In an August 31, 2017 Tax Court of Canada case (AON Inc. vs. H.M.Q., 2015-1043(IT)G), at issue was whether over $4,000,000 spent replacing much of a parking garage roof was a current or capital expense. The complex, Citi Centre Place, covered an entire city block. The portion of garage roofing replaced covered about 50% of the garage.

The case discussed 12 common considerations, however, turned on the following key items:

  1. An enduring benefit would be provided: 20-30 years of worry free roofing would be obtained. This suggested a capital expense.

the expenditure in relation to whole cost 

  1. The roof could not exist on its own.

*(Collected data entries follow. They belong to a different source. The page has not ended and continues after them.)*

(* Define operators $(A_j)_{j\ge1}$ on $\mathcal P=\mathbb Q(b)[p_1,p_2,\dots]$ by $A_{j+1}f:=\Theta_YY_+\Lambda_Y^j\big(\frac{y_0}{1+b}f\big)$ for $j\ge0$ and $f\in\mathcal P$. Then $A_1$ is multiplication by $p_1/(1+b)$ and $A_{j+1}=[D_\alpha,A_j]$ for all $j\ge1$, as operators on $\mathcal P$.
   Context: Variables $b$, $\alpha=1+b$, $\mathbf p=(p_i)_{i\ge1}$, $\bm y=(y_i)_{i\ge0}$. Operators on polynomials in $\mathbf p,\bm y$: $\Theta_Y=\sum_{i\ge1}p_i\frac{\partial}{\partial y_i}$; $Y_+=\sum_{i\ge0}y_{i+1}\frac{\partial}{\partial y_i}$; $\Lambda_Y=(1+b)\sum_{i,j\ge1}iy_{i+j-1}\frac{\partial^2}{\partial p_i\partial y_{j-1}}+\sum_{i,j\ge1}y_{i-1}p_j\frac{\partial}{\partial y_{i+j-1}}+b\sum_{i\ge0}iy_i\frac{\partial}{\partial y_i}$. The Laplace–Beltrami operator is $D_\alpha=\frac12\Big((1+b)\sum_{i,j\ge1}ijp_{i+j}\frac{\partial^2}{\partial p_i\partial p_j}+\sum_{i,j\ge1}(i+j)p_ip_j\frac{\partial}{\partial p_{i+j}}+b\sum_{i\ge1}i(i-1)p_i\frac{\partial}{\partial p_i}\Big)$. $[A,B]=AB-BA$. *)

theory Defs
  imports "HOL-Library.Poly_Mapping" "HOL-Computational_Algebra.Polynomial"
    "HOL-Computational_Algebra.Fraction_Field"
begin

type_synonym K = "rat poly fract"

definition bb :: K where "bb = Fract [:0, 1:] 1"

datatype var = P nat | Y nat

type_synonym mpoly = "(var \<Rightarrow>\<^sub>0 nat) \<Rightarrow>\<^sub>0 K"

definition vr :: "var \<Rightarrow> mpoly" where
  "vr v = Poly_Mapping.single (Poly_Mapping.single v 1) 1"

definition cst :: "K \<Rightarrow> mpoly" where
  "cst c = Poly_Mapping.single 0 c"

definition pd :: "var \<Rightarrow> mpoly \<Rightarrow> mpoly" where
  "pd v f = (\<Sum>m\<in>Poly_Mapping.keys f. Poly_Mapping.single (m - Poly_Mapping.single v 1)
                               (Poly_Mapping.lookup f m * of_nat (Poly_Mapping.lookup m v)))"

definition vars :: "mpoly \<Rightarrow> var set" where
  "vars f = (\<Union>m\<in>Poly_Mapping.keys f. Poly_Mapping.keys m)"

text \<open>Indices of variables occurring in f (all other terms of the infinite sums vanish).\<close>
definition Pidx :: "mpoly \<Rightarrow> nat set" where
  "Pidx f = {i. P i \<in> vars f \<and> 1 \<le> i}"

definition Yidx :: "mpoly \<Rightarrow> nat set" where
  "Yidx f = {i. Y i \<in> vars f}"

definition ThetaY :: "mpoly \<Rightarrow> mpoly" where
  "ThetaY f = (\<Sum>i\<in>{i\<in>Yidx f. 1 \<le> i}. vr (P i) * pd (Y i) f)"

definition Yplus :: "mpoly \<Rightarrow> mpoly" where
  "Yplus f = (\<Sum>i\<in>Yidx f. vr (Y (i+1)) * pd (Y i) f)"

text \<open>Lambda_Y. In the first sum put k = j-1 (k>=0); in the second sum put n = i+j-1
  (so j ranges over 1..n and i-1 = n-j).\<close>
definition LambdaY :: "mpoly \<Rightarrow> mpoly" where
  "LambdaY f =
     cst (1 + bb) * (\<Sum>i\<in>Pidx f. \<Sum>k\<in>Yidx f.
         cst (of_nat i) * vr (Y (i+k)) * pd (P i) (pd (Y k) f))
   + (\<Sum>n\<in>Yidx f. \<Sum>j\<in>{1..n}. vr (Y (n-j)) * vr (P j) * pd (Y n) f)
   + cst bb * (\<Sum>i\<in>Yidx f. cst (of_nat i) * vr (Y i) * pd (Y i) f)"

text \<open>Laplace-Beltrami operator D_alpha. In the second sum put n = i+j.\<close>
definition Dalpha :: "mpoly \<Rightarrow> mpoly" where
  "Dalpha f = cst (inverse 2) *
    ( cst (1 + bb) * (\<Sum>i\<in>Pidx f. \<Sum>j\<in>Pidx f.
         cst (of_nat (i*j)) * vr (P (i+j)) * pd (P i) (pd (P j) f))
    + (\<Sum>n\<in>Pidx f. \<Sum>i\<in>{1..<n}. cst (of_nat n) * vr (P i) * vr (P (n-i)) * pd (P n) f)
    + cst bb * (\<Sum>i\<in>Pidx f. cst (of_nat (i*(i-1))) * vr (P i) * pd (P i) f))"

definition inP :: "mpoly \<Rightarrow> bool" where
  "inP f \<longleftrightarrow> vars f \<subseteq> {P i | i. 1 \<le> i}"

text \<open>A_{j+1} f = Theta_Y Y_+ Lambda_Y^j (y_0/(1+b) f), i.e. A_j uses Lambda_Y^(j-1), j>=1.\<close>
definition Aop :: "nat \<Rightarrow> mpoly \<Rightarrow> mpoly" where
  "Aop j f = ThetaY (Yplus ((LambdaY ^^ (j - 1)) (cst (inverse (1 + bb)) * vr (Y 0) * f)))"

end

(*
  Write Phi = Theta_Y Y_+ and G_j = Lambda_Y^(j-1) (y_0 f / (1 + b)), so that A_j f = Phi G_j.
  Each G_j has degree one in the variables y, i.e. it is a sum of terms y_k h with h free of y,
  and on such a term Lambda_Y acts by  y_k h |-> sum_m y_m lambda_{k,m}(h)  with explicit
  coefficients lambda_{k,m}.  A second operator M, acting by  y_k h |-> sum_m y_m mu_{k,m}(h),
  lifts D_alpha to these polynomials and satisfies
    (1) M (y_0 h) = y_0 D_alpha h,
    (2) M Lambda_Y = Lambda_Y M,
    (3) Phi Lambda_Y + Phi M = D_alpha Phi.
  Hence A_(j+1) f = Phi (Lambda_Y G_j) = D_alpha (Phi G_j) - Phi (M G_j)
                  = D_alpha (A_j f) - Phi (Lambda_Y^(j-1) (y_0 D_alpha f / (1 + b)))
                  = D_alpha (A_j f) - A_j (D_alpha f).
  On a generator y_k h, identities (2) and (3) are identities between the coefficients lambda
  and mu; comparing them range by range leaves exactly the commutators of D_alpha with
  multiplication by p_j and with d/dp_c, which are computed explicitly.
*)

theory Submission
  imports Defs
begin

section \<open>Finite sums over intervals\<close>

lemma Suc_choose_two: "Suc n choose 2 = n + (n choose 2)"
  by (simp add: numeral_2_eq_2)

lemma two_mult_choose_two: "2 * (n choose 2) = n * (n - 1)"
  by (induction n) (auto simp: Suc_choose_two, simp add: algebra_simps)

lemma choose_two_add: "(m + c) choose 2 = (m choose 2) + m * c + (c choose 2)"
  by (induction c) (simp_all add: Suc_choose_two)

lemma sum_atLeastLessThan_reflect: "(\<Sum>i\<in>{1..<n}. F i) = (\<Sum>i\<in>{1..<(n::nat)}. F (n - i))"
  by (rule sum.reindex_bij_witness[of _ "\<lambda>i. n - i" "\<lambda>i. n - i"]) auto

lemma two_mult_sum_of_nat_mult_symmetric:
  fixes g :: "nat \<Rightarrow> 'a::comm_semiring_1"
  assumes "\<And>i. i \<in> {1..<n} \<Longrightarrow> g (n - i) = g i"
  shows "2 * (\<Sum>i\<in>{1..<n}. of_nat i * g i) = of_nat n * (\<Sum>i\<in>{1..<n}. g i)"
proof -
  have "(\<Sum>i\<in>{1..<n}. of_nat i * g i) = (\<Sum>i\<in>{1..<n}. of_nat (n - i) * g i)"
    by (subst sum_atLeastLessThan_reflect) (simp add: assms)
  then have "2 * (\<Sum>i\<in>{1..<n}. of_nat i * g i) = (\<Sum>i\<in>{1..<n}. (of_nat i + of_nat (n - i)) * g i)"
    by (simp only: mult_2 distrib_right sum.distrib)
  also have "\<dots> = (\<Sum>i\<in>{1..<n}. of_nat n * g i)"
    by (rule sum.cong) (simp_all flip: of_nat_add)
  finally show ?thesis
    by (simp only: sum_distrib_left)
qed

lemma sum_greaterThanAtMost_shift: "(\<Sum>m\<in>{k<..B}. F m) = (\<Sum>i\<in>{1..B - k}. F (i + (k::nat)))"
  by (rule sum.reindex_bij_witness[of _ "\<lambda>i. i + k" "\<lambda>m. m - k"]) auto

lemma sum_atLeastAtMost_extend:
  assumes "\<And>i. C < i \<Longrightarrow> F i = 0" "C \<le> A" "C \<le> A'"
  shows "(\<Sum>i\<in>{a..A}. F i) = (\<Sum>i\<in>{a..A'::nat}. F i)"
proof -
  have "(\<Sum>i\<in>{a..A}. F i) = (\<Sum>i\<in>{a..C}. F i)"
    by (rule sum.mono_neutral_right) (use assms in auto)
  also have "\<dots> = (\<Sum>i\<in>{a..A'}. F i)"
    by (rule sum.mono_neutral_left) (use assms in auto)
  finally show ?thesis .
qed

lemma sum_atMost_extend:
  assumes "\<And>i. C < i \<Longrightarrow> F i = 0" "C \<le> A" "C \<le> A'"
  shows "(\<Sum>i\<le>A. F i) = (\<Sum>i\<le>(A'::nat). F i)"
  using sum_atLeastAtMost_extend[of C F A A' 0] assms by (simp add: atLeast0AtMost)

It is inseparable from the rest of the building. Therefore, the cost must be considered in context of the complex as a whole. It cost approximately $4 million in comparison to an estimated replacement cost of $59 million for the complex as a whole. This suggested a repair.
  2. The work simply allowed the garage to be used in the same way as before. This suggested a repair.
  3. New technology and techniques were used, the visual appearance was improved, and the roof was better in relation to the original version. This suggested a capital expenditure. However, the same functionality and income earning/profitability potential existed (same number of parking spaces were provided and there was no ability to charge more), and there was no significant increase in value as compared to its value were it in a good state of repair. This suggested a repair.

whether the repair enhances profitability or value of the asset

Taxpayer wins
On one hand, indications of a capital expenditure were demonstrated by the large cost, the improved lifespan, and the fact that the new roof was simply better. However, the Court opined that the expectation of consistent profitability and value, in combination with the small cost in relation to the building as a whole, were more significant indicators that expenditures were not capital in nature. The expenditures were determined to be current deductible expenses, and not required to be capitalized to the cost of the building.